Pro-Palestinian accounts get suspended on social media platforms all the time. It shouldn't happen, but it does. We sometimes object, sometimes win, often lose, sometimes the suspensions and deletions are barely noticeable, and in other cases, such as this one, a pattern emerges that muddies the ground and makes it sink-able for everyone.
Palestinian Voices is an upcoming news outlet run by young people, that gives children and other youngsters a free platform to publish their stories — factual, fictional or otherwise. It's a new venture with a thousand learning curves yet to be swerved and dunams of space to hone unchartered skills in the search for professionalism and leadership. It's exciting to see it unfold.
Recently, not one, not two, but three members of the team have had their accounts destroyed. Twitter's waste disposal unit has been busy recently. One by one, these young, ambitious journalists and reporters working to bring us the news from Palestine are being forcibly taken from us; metaphorically — erased in the night.
And the outcry — is there one?
The act of silencing signifies terror: a fear of words, a fear of third person experience, a fear of the message and of its meaning. Dangerously, it undermines the fundamental vision that free speech, discussion and debate are tools to education and empowerment. Censorship undermines democracy.
Censorship is sinister
Punishing students for their speech robs our public debate of needed voices, says Sonja West — professor in First Amendment Law at the University of Georgia; it teaches children that censorship is acceptable. It isn't.
Ironically, in the beginning, sites such as Twitter and Facebook were built to give everyone a fair crack and importantly, an equal voice. Their collusion with the Israeli government has led them into a dark alley, trying to extinguish young people's words, seize their opinions, and gag their reports — the freely written, freely read and freely shared is no longer free, unless of course, it sings for Israel.

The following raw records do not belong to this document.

locale dynamic_mirror_descent =
  fixes \<beta> R \<gamma> :: real
    and X :: "'a::real_normed_vector set" and h :: "'a \<Rightarrow> real" and dh :: "'a \<Rightarrow> 'a \<Rightarrow>\<^sub>L real"
    and s r :: "nat \<Rightarrow> 'a \<Rightarrow> real" and ds dsh :: "nat \<Rightarrow> 'a \<Rightarrow> 'a \<Rightarrow>\<^sub>L real"
    and \<Phi> :: "nat \<Rightarrow> 'a \<Rightarrow> 'a" and u :: "nat \<Rightarrow> 'a" and \<eta> :: "nat \<Rightarrow> real"
    and x ytil y :: "nat \<Rightarrow> 'a" and T :: nat
  assumes beta_pos: "0 < \<beta>" and gamma_nonneg: "0 \<le> \<gamma>"
    and convex_X: "convex X"
    and h_deriv: "\<And>z. z \<in> X \<Longrightarrow> (h has_derivative blinfun_apply (dh z)) (at z within X)"
    and h_strongly_convex: "strongly_convex_on 1 X h"
    and s_convex: "\<And>t. convex_on X (s t)" and r_convex: "\<And>t. convex_on X (r t)"
    and s_deriv: "\<And>t z. z \<in> X \<Longrightarrow> (s t has_derivative blinfun_apply (ds t z)) (at z within X)"
    and ds_lipschitz: "\<And>t z w. z \<in> X \<Longrightarrow> w \<in> X \<Longrightarrow> norm (ds t z - ds t w) \<le> \<beta> * norm (z - w)"
    and bregman_le: "\<And>z w. z \<in> X \<Longrightarrow> w \<in> X \<Longrightarrow> bregman h dh z w \<le> R\<^sup>2"
    and bregman_lipschitz_like: "\<And>z w v. z \<in> X \<Longrightarrow> w \<in> X \<Longrightarrow> v \<in> X \<Longrightarrow>
          bregman h dh z v - bregman h dh w v \<le> \<gamma> * norm (z - w)"
    and Phi_in_X: "\<And>t z. z \<in> X \<Longrightarrow> \<Phi> t z \<in> X"
    and Phi_nonexpansive: "\<And>t z w. z \<in> X \<Longrightarrow> w \<in> X \<Longrightarrow>
          bregman h dh (\<Phi> t z) (\<Phi> t w) \<le> bregman h dh z w"
    and u_in_X: "\<And>t. t \<in> {1..Suc T} \<Longrightarrow> u t \<in> X"
    and eta_pos: "\<And>t. 0 < \<eta> t"
    and eta_step: "\<And>t. t \<in> {2..T} \<Longrightarrow> \<eta> t \<le> \<eta> (t - 1) \<and> \<eta> (t - 1) \<le> 1 / (2 * \<beta>)"
    and eta_one_le: "\<eta> 1 \<le> 1 / (2 * \<beta>)"
    and y0_in_X: "y 0 \<in> X"
    and x_step: "\<And>t. t \<in> {1..T} \<Longrightarrow>
          is_arg_min (\<lambda>z. \<eta> t * blinfun_apply (dsh t (y (t - 1))) z + \<eta> t * r t z + bregman h dh z (y (t - 1)))
            (\<lambda>z. z \<in> X) (x t)"
    and ytil_step: "\<And>t. t \<in> {1..T} \<Longrightarrow>
          is_arg_min (\<lambda>z. \<eta> t * blinfun_apply (ds t (x t)) z + \<eta> t * r t z + bregman h dh z (y (t - 1)))
            (\<lambda>z. z \<in> X) (ytil t)"
    and y_step: "\<And>t. t \<in> {1..T} \<Longrightarrow> y t = \<Phi> t (ytil t)"
begin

But where does the silencing come from? Who would agreeably work at the behest of Israel to decide who can and who can't write. Other young people? Middle-aged lobbyists sitting round a glass table scratching out the tongues of their teenage enemies? Censorship is indeed sinister.
For now, these accounts are gone. But they return — of course they do. In the face of adversity, Palestine and everything Palestinian, always returns.